Wednesday, June 29, 2011

the mayhew files: receivers of stolen property

This installment of Scott's readings on Victorian crime from Mayhew's London details how criminals disposed of stolen items using "fences."

Inside a Victorian Pawnshop.  image source: Database of Mid-Victorian Illustration (DMVI)
While a burglar might have filched a hundred quid worth of plate and jewelry from a house or a pickpocket stole a watch from a gentleman’s coat, the loot did them no good if they could not turn it into cash.  That was where the fence, or the receiver of stolen property, came in.

In Victorian London, the real money in crime seemed to be made by these people.  These people ran either legitimate or semi-legitimate businesses so that they could dispose of the property they received from the various sorts of thieves.  While the hundred pounds might look like a promising reward for the burglar, the amount that the fence took out of that means that the burglar would, as often as not, be out on the prowl the following week.

The first type of fence for stolen goods was the proprietor of dolly shops -- illegitimate, or unlicensed pawnshops.  They were often distinguished by being undistinguished.  They flourished in areas of town like Dudley Street, where having no sign board on your store was the norm. They contained an odd variety of suspicious good, including both men’s and women’s apparel.

Because a number of these items were stolen, it was necessary for the proprietors to move around a lot as the police could become suspicious.  Any inquiry would result in evidence against them as receivers of stolen property.

These fences operated in the following way:  

For legitimate items, the shop owners paid 2d or 3d per shilling of the value of the item.  They would keep the item for about a week.  If the party had not returned in that time then they would sell the item.  If the party who sold the item returned to claim it, the owner would give them a small portion of the sale.

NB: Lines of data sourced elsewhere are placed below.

lemma GSp3_double_coset_cases:
  fixes g :: "'a::field mat"
  assumes g: "g \<in> GSp 3"
  shows "g \<in> double_coset (1\<^sub>m 6) \<or> g \<in> double_coset tau1 \<or> g \<in> double_coset tau2 \<or> g \<in> double_coset tau_op"
proof (cases "g$$(4,0) * g$$(5,5) - g$$(4,5) * g$$(5,0) = 0")
  case False
  thus ?thesis using double_coset_tau_op_if_corner_invertible[OF g] by blast
next
  case True
  thus ?thesis using double_coset_tau1_if_corner_zero[OF g] double_coset_one_or_tau2_if_corner_singular[OF g]
    by blast
qed

section \<open>The four double cosets are distinct\<close>

(* Rows 4 and 5 of X span the plane <f2,f1> X; these say that it lies in M, meets M, meets O. *)
definition plane_in_inner :: "'a::field mat \<Rightarrow> bool" where
  "plane_in_inner X \<longleftrightarrow> X$$(4,0) = 0 \<and> X$$(4,5) = 0 \<and> X$$(5,0) = 0 \<and> X$$(5,5) = 0"

definition plane_meets_inner :: "'a::field mat \<Rightarrow> bool" where
  "plane_meets_inner X \<longleftrightarrow> (\<exists>a b. (a \<noteq> 0 \<or> b \<noteq> 0) \<and>
     a * X$$(4,0) + b * X$$(5,0) = 0 \<and> a * X$$(4,5) + b * X$$(5,5) = 0)"

definition plane_meets_outer :: "'a::field mat \<Rightarrow> bool" where
  "plane_meets_outer X \<longleftrightarrow> (\<exists>a b. (a \<noteq> 0 \<or> b \<noteq> 0) \<and>
     (\<forall>k. 1 \<le> k \<and> k \<le> 4 \<longrightarrow> a * X$$(4,k) + b * X$$(5,k) = 0))"

lemma P22_bottom_rows:
  assumes p: "p \<in> P22" and X: "X \<in> carrier_mat 6 6" and i: "i = 4 \<or> i = 5" and k: "k < 6"
  shows "(p * X)$$(i,k) = p$$(i,4) * X$$(4,k) + p$$(i,5) * X$$(5,k)"
  using p i k P22_carrier[OF p] X by (auto simp: P22_char_rows lower_left_2x4_zero_iff mult_mat_6_entry)

lemma P22_bottom_block_invertible:
  assumes p: "p \<in> P22"
  shows "p$$(4,4) * p$$(5,5) - p$$(4,5) * p$$(5,4) \<noteq> 0"
proof -
  have pG: "p \<in> GSp 3" and z: "lower_left_2x4_zero p" using p by (auto simp: P22_char_rows)
  define m where "m = sim 3 p"
  have m: "m \<noteq> 0" using GSp_sim(1)[OF pG] by (simp add: m_def)
  note R = GSp3_gram(2)[OF pG] and z' = z[unfolded lower_left_2x4_zero_iff]
  have "p$$(0,0)*p$$(5,5) + p$$(0,1)*p$$(5,4) = m" "p$$(0,0)*p$$(4,5) + p$$(0,1)*p$$(4,4) = 0"
    "p$$(1,0)*p$$(5,5) + p$$(1,1)*p$$(5,4) = 0" "p$$(1,0)*p$$(4,5) + p$$(1,1)*p$$(4,4) = m"
    using R[of 0 5] R[of 0 4] R[of 1 5] R[of 1 4] z' by (simp_all add: sform_expand Jmat_entry m_def)
  hence "p$$(5,5)*p$$(4,4) - p$$(5,4)*p$$(4,5) \<noteq> 0"
    using det_nonzero_of_inverse_2x2(1) m by blast
  thus ?thesis by (simp add: algebra_simps)
qed

lemma bottom_comb_P22_mult:
  assumes p: "p \<in> P22" and X: "X \<in> carrier_mat 6 6" and ab: "a \<noteq> 0 \<or> b \<noteq> 0"
  shows "\<exists>a' b'. (a' \<noteq> 0 \<or> b' \<noteq> 0) \<and>
    (\<forall>k<6. a' * (p * X)$$(4,k) + b' * (p * X)$$(5,k) = a * X$$(4,k) + b * X$$(5,k))"
proof -
  define \<Delta> where "\<Delta> = p$$(4,4) * p$$(5,5) - p$$(4,5) * p$$(5,4)"
  have \<Delta>: "\<Delta> \<noteq> 0" using P22_bottom_block_invertible[OF p] by (simp add: \<Delta>_def)
  define a' where "a' = (a * p$$(5,5) - b * p$$(5,4)) / \<Delta>"
  define b' where "b' = (b * p$$(4,4) - a * p$$(4,5)) / \<Delta>"
  have "a' * p$$(4,4) + b' * p$$(5,4) = ((a * p$$(5,5) - b * p$$(5,4)) * p$$(4,4) + (b * p$$(4,4) - a * p$$(4,5)) * p$$(5,4)) / \<Delta>"
    "a' * p$$(4,5) + b' * p$$(5,5) = ((a * p$$(5,5) - b * p$$(5,4)) * p$$(4,5) + (b * p$$(4,4) - a * p$$(4,5)) * p$$(5,5)) / \<Delta>"
    unfolding a'_def b'_def using \<Delta> by (simp_all add: field_simps)
  moreover have "(a * p$$(5,5) - b * p$$(5,4)) * p$$(4,4) + (b * p$$(4,4) - a * p$$(4,5)) * p$$(5,4) = a * \<Delta>"
    "(a * p$$(5,5) - b * p$$(5,4)) * p$$(4,5) + (b * p$$(4,4) - a * p$$(4,5)) * p$$(5,5) = b * \<Delta>"
    by (simp_all add: \<Delta>_def algebra_simps)
  ultimately have c: "a' * p$$(4,4) + b' * p$$(5,4) = a" "a' * p$$(4,5) + b' * p$$(5,5) = b"
    using \<Delta> by simp_all
  hence "a' \<noteq> 0 \<or> b' \<noteq> 0" using ab by auto
  moreover have "a' * (p * X)$$(4,k) + b' * (p * X)$$(5,k) = a * X$$(4,k) + b * X$$(5,k)" if "k < 6" for k
  proof -
    have "a' * (p * X)$$(4,k) + b' * (p * X)$$(5,k)
        = (a' * p$$(4,4) + b' * p$$(5,4)) * X$$(4,k) + (a' * p$$(4,5) + b' * p$$(5,5)) * X$$(5,k)"
      using P22_bottom_rows[OF p X _ that] by (simp add: algebra_simps)
    thus ?thesis by (simp only: c)
  qed
  ultimately show ?thesis by blast
qed

lemma plane_invariants_P22_mult:
  assumes p: "p \<in> P22" and X: "X \<in> carrier_mat 6 6"
  shows "plane_in_inner X \<Longrightarrow> plane_in_inner (p * X)"
    "plane_meets_inner X \<Longrightarrow> plane_meets_inner (p * X)"
    "plane_meets_outer X \<Longrightarrow> plane_meets_outer (p * X)"
proof -
  show "plane_in_inner X \<Longrightarrow> plane_in_inner (p * X)"
    using P22_bottom_rows[OF p X] by (simp add: plane_in_inner_def)
  show "plane_meets_inner X \<Longrightarrow> plane_meets_inner (p * X)"
  proof -
    assume "plane_meets_inner X"
    then obtain a b where ab: "a \<noteq> 0 \<or> b \<noteq> 0"
      and z: "a * X$$(4,0) + b * X$$(5,0) = 0" "a * X$$(4,5) + b * X$$(5,5) = 0"
      by (auto simp: plane_meets_inner_def)
    obtain a' b' where nz: "a' \<noteq> 0 \<or> b' \<noteq> 0"
      and E: "\<forall>k<6. a' * (p * X)$$(4,k) + b' * (p * X)$$(5,k) = a * X$$(4,k) + b * X$$(5,k)"
      using bottom_comb_P22_mult[OF p X ab] by blast
    have "a' * (p * X)$$(4,0) + b' * (p * X)$$(5,0) = 0" "a' * (p * X)$$(4,5) + b' * (p * X)$$(5,5) = 0"
      using E z by simp_all
    thus "plane_meets_inner (p * X)" unfolding plane_meets_inner_def using nz by blast
  qed
  show "plane_meets_outer X \<Longrightarrow> plane_meets_outer (p * X)"
  proof -
    assume "plane_meets_outer X"
    then obtain a b where ab: "a \<noteq> 0 \<or> b \<noteq> 0"
      and z: "\<forall>k. 1 \<le> k \<and> k \<le> 4 \<longrightarrow> a * X$$(4,k) + b * X$$(5,k) = 0"
      by (auto simp: plane_meets_outer_def)
    obtain a' b' where nz: "a' \<noteq> 0 \<or> b' \<noteq> 0"
      and E: "\<forall>k<6. a' * (p * X)$$(4,k) + b' * (p * X)$$(5,k) = a * X$$(4,k) + b * X$$(5,k)"
      using bottom_comb_P22_mult[OF p X ab] by blast
    have "\<forall>k. 1 \<le> k \<and> k \<le> 4 \<longrightarrow> a' * (p * X)$$(4,k) + b' * (p * X)$$(5,k) = 0"
      using E z by simp
    thus "plane_meets_outer (p * X)" unfolding plane_meets_outer_def using nz by blast
  qed
qed
lemma subface_L4_T1ss:
  assumes "l \<noteq> 0"
  shows "subface (F_lU l (proj_line l)) FT1ss"
proof -
  obtain \<sigma> :: "real^3^3" where inv: "invertible \<sigma>" and L: "\<And>v. l \<bullet> (\<sigma> *v v) = v$2"
    using adapted_coordinates_line[OF assms] by blast
  show ?thesis unfolding FT1ss_def
  proof (rule subface_F_lU_I[OF inv L quartics_P34(2)])
    fix h assume h: "is_form 2 h" "psd h" "\<forall>u\<in>proj_line l. h u = 0"
    then have "\<And>v. l \<bullet> v = 0 \<Longrightarrow> h v = 0" by (simp add: proj_line_def)
    then obtain d where d: "\<And>v. h v = d * (l \<bullet> v)^2"
      using quadric_zero_on_line[OF assms h(1,2)] by blast
    have "(w$2)^2 * h (\<sigma> *v w) \<le> \<bar>d\<bar> * fT1ss w" for w
    proof -
      have "(w$2)^2 * h (\<sigma> *v w) = d * (w$2)^4" by (simp add: d L eval_nat_numeral)
      also have "\<dots> \<le> \<bar>d\<bar> * fT1ss w" by (rule dominated_by_abs) simp_all
      finally show ?thesis .
    qed
    then show "\<exists>C. \<forall>w. (w$2)^2 * h (\<sigma> *v w) \<le> C * fT1ss w" by blast
  qed
qed

lemma subface_L3_T2s:
  assumes "l \<noteq> 0" "\<not> (\<exists>c. k = c *\<^sub>R l)"
  shows "subface (F_lU l (proj_line k)) FT2s"
proof -
  obtain \<sigma> :: "real^3^3" where inv: "invertible \<sigma>" and L: "\<And>v. l \<bullet> (\<sigma> *v v) = v$2"
    and K: "\<And>v. k \<bullet> (\<sigma> *v v) = v$3"
    by (rule adapted_coordinates[OF cross3_nonzero[OF assms]]) blast
  have "k \<noteq> 0"
  proof
    assume "k = 0"
    then have "k = 0 *\<^sub>R l" by simp
    then show False using assms(2) by blast
  qed
  show ?thesis unfolding FT2s_def
  proof (rule subface_F_lU_I[OF inv L quartics_P34(3)])
    fix h assume h: "is_form 2 h" "psd h" "\<forall>u\<in>proj_line k. h u = 0"
    then have "\<And>v. k \<bullet> v = 0 \<Longrightarrow> h v = 0" by (simp add: proj_line_def)
    then obtain d where d: "\<And>v. h v = d * (k \<bullet> v)^2"
      using quadric_zero_on_line[OF \<open>k \<noteq> 0\<close> h(1,2)] by blast
    have "(w$2)^2 * h (\<sigma> *v w) \<le> \<bar>d\<bar> * fT2s w" for w
    proof -
      have "(w$2)^2 * h (\<sigma> *v w) = d * ((w$2)^2 * (w$3)^2)" by (simp add: d K algebra_simps)
      also have "\<dots> \<le> \<bar>d\<bar> * fT2s w" by (rule dominated_by_abs) simp_all
      finally show ?thesis .
    qed
    then show "\<exists>C. \<forall>w. (w$2)^2 * h (\<sigma> *v w) \<le> C * fT2s w" by blast
  qed
qed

Another source of income for these traders were married women who came and sold their bedding sheets in exchange for money to buy liquor.  The shop keepers did a good business and amassed so many of these stolen items in their apartments that sometimes the piles of goods would block out the light of day.

It seemed that the primary area for the trade of clothes was in the East End, specifically Rosemary Lane, Petticoat Lane, and the alleys and by-ways between them. 

Contrasted to the dolly shop owners were the legitimate pawnbrokers.  These are licensed traders who, many times, were honest in their dealings and did not deal in stolen property.  They usually paid out a third or a quarter of the value of an item and then kept the item for a year before selling it. However, a fair number of them were tempted by the easy profit of stolen goods.

A burglar would often work in conjunction with a pawnbroker, letting him know in advance when a burglary was going to be attempted.  That way the goods could be transferred directly to the pawnbroker's establishment and disposed of immediately.  When this happened silver could be melted down within a quarter of an hour -- not that the burglar stuck around to watch. Not only was a look out often placed at the scene of the crime, but one was also at the location of the fence to watch out for police on patrol.

Usually silver was a good commodity for fences as they could receive almost 5s for an ounce of it.  The burglar was paid 3s 6d, or, if he’s lucky, 4s.  This was a quick profit for the fence of nearly, or more than, 1s an ounce for very little work.  If the average plate weighed an 1/8 of a pound and the burglar managed to steal a set of eight of them, then the shop owner was looking at a profit of 16s for possibly a quarter of an hour of metal work and a little risk.

Other folks ran jewelry business and keep a melted pot of silver in the back to dispose of any stolen loot that comes their way.  These fences usually gave out only a third of the value of any jewelry brought in.

There were any number of people that would receive stolen property, however, and the thieves knew the best place for them to deposit it.  There were sometimes private folks in coffee houses or brothels that knew how to dispose of the goods as well as a pawnbroker. But it was helpful to have a shop of some sort to keep up the appearance of legitimacy.